First, I am aware that the global economy as well as my own retirement finances are likely coming apart as I write this, but perhaps as a diversion, I thought it might be interesting to talk about something that nevertheless matters. That is the further push into Theory X territory by U.S. management: pushing employees harder, more rules, less pay, and so forth. Theory Y was almost the opposite: recognizing that rewards, rules, and punishments were not the best way and certainly not the only way to manage.

Two recent events suggest the change. The first of these is at Google, a company that was long known for providing the best perks and an apparent belief that treating employees well was crucial to innovation and other performance goals. Despite great financial performance through the end of 2024, a tight job market, and a moment where the world is watching the tech world for more breakthroughs, Google (along with Facebook, Microsoft, and Apple) all decided to have layoffs and get tougher on performance.

Even after that, there was a sense that harder work and less security would still yield greater pay. Business Insider reports that this is no longer the case at Google, at least as perceived by employees. Complaints from employees that their pay increases are less than expected came through loudly at a recent open meeting with executives.

At the other end of the job spectrum are the warehouse employees at Amazon. Although it is also a tech giant, Amazon has long been a mammoth employer of lower-wage workers in its ever-growing warehouses. It was never seen as an employer of choice, instead one that pushed those employees hard and monitored them closely. Among the most noticeable and objectionable policies was that employees had to be screened when leaving the building (think TSA security lines and metal detectors) to cut down on them stealing: If we don’t watch them, they will steal, and maybe that was right given everything else about the relationship. As with TSA, employees objected that the lines to get through security were so long that it extended their workday.

Amazon pulled that policy during the pandemic. The need for “social distance” played a role but no doubt, but so did employee complaints and bad press around it. The pandemic has been over for years, but the company is now bringing that screening back.

I am suggesting that these two practices at the polar ends of the “regular,” non-executive job market are driven by something similar. Is this a reaction to the pandemic period and the claim that employers got “soft” during it? Pay did jump up, mainly for workers at the bottom end of the scale, but not because employers were trying to be nice. It was because they couldn’t hire otherwise when the economy slowly reopened.

Many employers recognized that employees were struggling during the pandemic with childcare when schools closed, with fears about their health, with caring for family members who were sick, and they tried to be considerate of them. There is every reason for thinking that these practices made sense and were effective in securing better performance from employees. But there is a belief that employers also tolerated lower performance and that they continued to do so after the pandemic was over. I have not seen evidence that this is the case, but perception does become reality.

So why the pullback? At places like Amazon, it is a return to form. They have long been the embodiment of Frederick Taylor’s vision: We will tell you exactly what to do and how to do it, monitor compliance closely, and pay you well, at least compared to jobs you could get elsewhere. Expect to be worn out at the end of the day. But why now? It is less likely to raise a fuss when everyone else is doing it. Why, even the tech companies are taking attendance now!

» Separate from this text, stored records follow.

lemma power_degree_le_poly:
  fixes P :: "real poly"
  assumes P_ge_1: "\<And>r. 0 \<le> r \<Longrightarrow> 1 \<le> poly P r"
  obtains B where "\<And>r. 0 \<le> r \<Longrightarrow> r ^ degree P \<le> B * poly P r"
proof (cases "degree P = 0")
  case True
  then show ?thesis using P_ge_1 that[of 1] by auto
next
  case False
  let ?n = "degree P" and ?lc = "lead_coeff P"
  have lim: "((\<lambda>x. poly P x / x ^ ?n) \<longlongrightarrow> ?lc) at_top"
    using poly_divide_tendsto_aux[of P] filterlim_mono at_top_le_at_infinity by blast
  have "eventually (\<lambda>x. 0 \<le> poly P x / x ^ ?n) at_top"
    using eventually_ge_at_top[of "0::real"] by eventually_elim (use P_ge_1 in force)
  then have "0 \<le> ?lc" using tendsto_lowerbound[OF lim] by simp
  moreover have "P \<noteq> 0" using P_ge_1[of 0] by auto
  ultimately have lc: "0 < ?lc" by (simp add: order_less_le)
  have "eventually (\<lambda>x. ?lc / 2 < poly P x / x ^ ?n) at_top"
    using order_tendstoD(1)[OF lim, of "?lc / 2"] lc by simp
  then obtain R where R: "\<And>x. max R 1 \<le> x \<Longrightarrow> ?lc / 2 < poly P x / x ^ ?n"
    by (auto simp: eventually_at_top_linorder)
  show ?thesis
  proof (rule that[of "2 / ?lc + max R 1 ^ ?n"])
    fix r :: real assume r: "0 \<le> r"
    have P_r: "1 \<le> poly P r" using P_ge_1 r by simp
    consider "max R 1 \<le> r" | "r \<le> max R 1" by linarith
    then have "r ^ ?n \<le> 2 / ?lc * poly P r + max R 1 ^ ?n * poly P r"
    proof cases
      case 1
      then have "?lc / 2 * r ^ ?n < poly P r" using R[OF 1] by (simp add: field_simps)
      then have "r ^ ?n \<le> 2 / ?lc * poly P r" using lc by (simp add: field_simps)
      then show ?thesis using P_r by (simp add: add_increasing2)
    next
      case 2
      then have "r ^ ?n \<le> max R 1 ^ ?n" using r by (intro power_mono)
      also have "\<dots> \<le> max R 1 ^ ?n * poly P r" using P_r by (simp add: mult_le_cancel_left1)
      finally have "r ^ ?n \<le> max R 1 ^ ?n * poly P r" .
      then show ?thesis using P_r lc by (simp add: add_increasing)
    qed
    then show "r ^ ?n \<le> (2 / ?lc + max R 1 ^ ?n) * poly P r" by (simp add: distrib_right)
  qed
qed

At Google and in the tech world, it is much more surprising because they had built their astonishing success on that earlier model of trying to nurture and protect employees into innovation. Why aren’t they willing to continue to be the outlier in the business world and manage differently?

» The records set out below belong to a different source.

lemma centre_third_neighbour:
  assumes "c \<in> K" obtains z where "adj E z c" "z \<noteq> p" "z \<noteq> q"
proof -
  have "\<not> {u \<in> V. adj E u c} \<subseteq> {p, q}"
  proof
    assume "{u \<in> V. adj E u c} \<subseteq> {p, q}"
    then have "card {u \<in> V. adj E u c} \<le> card {p, q}" by (simp add: card_mono)
    also have "\<dots> \<le> 2" by (simp add: card_insert_if)
    finally show False using assms degree_centre unfolding degree_def by simp
  qed
  then show ?thesis using that by blast
qed

lemma closed_nbhd_noncentre_inter: "u \<in> V - K \<Longrightarrow> closed_nbhd V E u \<inter> (V - K) = {u}"
  using adj_centre_iff unfolding closed_nbhd_def by blast

lemma closed_nbhd_centre_inter:
  "c \<in> K \<Longrightarrow> closed_nbhd V E c \<inter> (V - K) = {a \<in> V. adj E a c}"
  using adj_centre_iff unfolding closed_nbhd_def by blast

lemma card_closed_nbhd_centre_inter: "c \<in> K \<Longrightarrow> card (closed_nbhd V E c \<inter> (V - K)) = 3"
  using closed_nbhd_centre_inter degree_centre unfolding degree_def by simp

lemma centre_neighbours_inj:
  assumes "c \<in> K" "c' \<in> K" "{a \<in> V. adj E a c} = {a \<in> V. adj E a c'}"
  shows "c = c'"
proof -
  obtain p where p: "adj E p c" using centre_third_neighbour[OF assms(1)] by blast
  obtain q where q: "adj E q c" "q \<noteq> p" using centre_third_neighbour[OF assms(1)] by blast
  have "adj E p c'" "adj E q c'" using p q assms(3) adj_vertices by blast+
  then show ?thesis using common_neighbour_unique[OF p _ q(1)] q(2) by blast
qed

lemma identifying_code_noncentres: "is_identifying_code V E (V - K)"
  unfolding is_identifying_code_def
proof (intro conjI ballI impI Diff_subset)
  fix v assume "v \<in> V"
  show "closed_nbhd V E v \<inter> (V - K) \<noteq> {}"
  proof (cases "v \<in> K")
    case True
    then have "card (closed_nbhd V E v \<inter> (V - K)) = 3" by (rule card_closed_nbhd_centre_inter)
    then show ?thesis by auto
  next
    case False
    then show ?thesis using closed_nbhd_noncentre_inter \<open>v \<in> V\<close> by simp
  qed
next
  fix u w assume "u \<in> V" "w \<in> V" "u \<noteq> w"
  then consider "u \<in> K" "w \<in> K" | "u \<in> V - K" "w \<in> K" | "u \<in> K" "w \<in> V - K"
    | "u \<in> V - K" "w \<in> V - K" by blast
  then show "closed_nbhd V E u \<inter> (V - K) \<noteq> closed_nbhd V E w \<inter> (V - K)"
  proof cases
    case 1
    then show ?thesis using centre_neighbours_inj closed_nbhd_centre_inter \<open>u \<noteq> w\<close> by metis
  next
    case 2
    then have "card (closed_nbhd V E u \<inter> (V - K)) \<noteq> card (closed_nbhd V E w \<inter> (V - K))"
      using closed_nbhd_noncentre_inter[of u] card_closed_nbhd_centre_inter[of w] by simp
    then show ?thesis by metis
  next
    case 3
    then have "card (closed_nbhd V E u \<inter> (V - K)) \<noteq> card (closed_nbhd V E w \<inter> (V - K))"
      using closed_nbhd_noncentre_inter[of w] card_closed_nbhd_centre_inter[of u] by simp
    then show ?thesis by metis
  next
    case 4
    then show ?thesis using closed_nbhd_noncentre_inter \<open>u \<noteq> w\<close> by simp
  qed
qed

definition joint :: "'a \<Rightarrow> bool" where
  "joint u \<longleftrightarrow> u \<in> V - K \<and> (\<exists>a b. a \<noteq> b \<and> adj E a u \<and> adj E b u)"

lemma non_joint_closed_nbhd:
  assumes "u \<in> V - K" "\<not> joint u" "adj E c u"
  shows "closed_nbhd V E u = {u, c}"
proof -
  have "{a \<in> V. adj E a u} = {c}" using assms adj_vertices(1) unfolding joint_def by blast
  then show ?thesis unfolding closed_nbhd_def by simp
qed

lemma walk_from_centre_to_far_noncentre:
  assumes "c0 \<in> K" "u \<in> V - K" "\<not> adj E u c0" "is_walk V E xs" "hd xs = c0" "last xs = u"
  obtains w1 w2 w3 rest where "xs = c0 # w1 # w2 # w3 # rest"
proof -
  consider "xs = [c0]" | a where "xs = [c0, a]" | a b where "xs = [c0, a, b]"
    | w1 w2 w3 rest where "xs = c0 # w1 # w2 # w3 # rest"
    using assms(4,5) by (cases xs; cases "tl xs"; cases "tl (tl xs)"; cases "tl (tl (tl xs))") auto
  then show ?thesis
  proof cases
    case 1
    then show ?thesis using assms by simp
  next
    case 2
    then have "adj E c0 u" using assms(4,6) by simp
    then show ?thesis using assms(3) adj_commute by metis
  next
    case 3
    then show ?thesis using assms adj_centre_iff by auto
  qed (rule that)
qed

lemma walk_to_far_joint:
  assumes c0: "c0 \<in> K" and u: "joint u" "\<not> adj E u c0"
  obtains w1 w2 w3 c2 where "is_walk V E [c0, w1, w2, w3, c2]"
    "non_backtracking [c0, w1, w2, w3, c2]" "joint w1" "joint w3"
proof -
  have uV: "u \<in> V - K" using u(1) unfolding joint_def by auto
  obtain xs where "is_walk V E xs" "hd xs = c0" "last xs = u"
    using connected c0 centres_subset uV unfolding graph_connected_def by blast
  then obtain xs where xs: "is_walk V E xs" "hd xs = c0" "last xs = u" "non_backtracking xs"
    using shortest_walk_exists shortest_walk_non_backtracking by metis
  then obtain w1 w2 w3 rest where split: "xs = c0 # w1 # w2 # w3 # rest"
    using walk_from_centre_to_far_noncentre c0 uV u(2) by blast
  then have walk: "adj E c0 w1" "adj E w1 w2" "adj E w2 w3" "is_walk V E (w3 # rest)"
    and nb: "c0 \<noteq> w2" "w1 \<noteq> w3" "non_backtracking (w2 # w3 # rest)"
    using xs by auto
  obtain c2 where c2: "adj E w3 c2" "w2 \<noteq> c2"
  proof (cases rest)
    case Nil
    then have "joint w3" using xs(3) u(1) split by simp
    then obtain a b where "a \<noteq> b" "adj E a w3" "adj E b w3" unfolding joint_def by blast
    then show ?thesis using that adj_commute by metis
  next
    case (Cons c2 rest')
    then show ?thesis using walk(4) nb(3) by (intro that[of c2]) auto
  qed
  have "w1 \<notin> K" "w2 \<in> K" "w3 \<notin> K" using walk c0 adj_centre_iff by blast+
  moreover have "adj E c0 w1" "adj E w2 w1" "adj E w2 w3" "adj E c2 w3"
    using walk c2 adj_commute by metis+
  ultimately have "joint w1" "joint w3"
    using nb(1) c2(2) adj_vertices unfolding joint_def by blast+
  moreover have "is_walk V E [c0, w1, w2, w3, c2]" "non_backtracking [c0, w1, w2, w3, c2]"
    using walk c2 nb adj_vertices by auto
  ultimately show ?thesis using that by blast
qed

I think the answer is that the more the leaders are drawn into the establishment of the business world — witness their front-row seats at the Trump inaugural — the more susceptible they are to establishment thinking. The investment community is at the center of the establishment as they have almost as much money, and they have long had a “Theory X” view of management. Elon Musk, who is the public face of the Trump administration on management — is a Theory X champion. Taking a chainsaw to employees rather than improving practices and taking out jobs to improve efficiency makes no sense, but it is an approach that the investment community likes. The more we see of it — and we do see it all the time — the more acceptable it becomes.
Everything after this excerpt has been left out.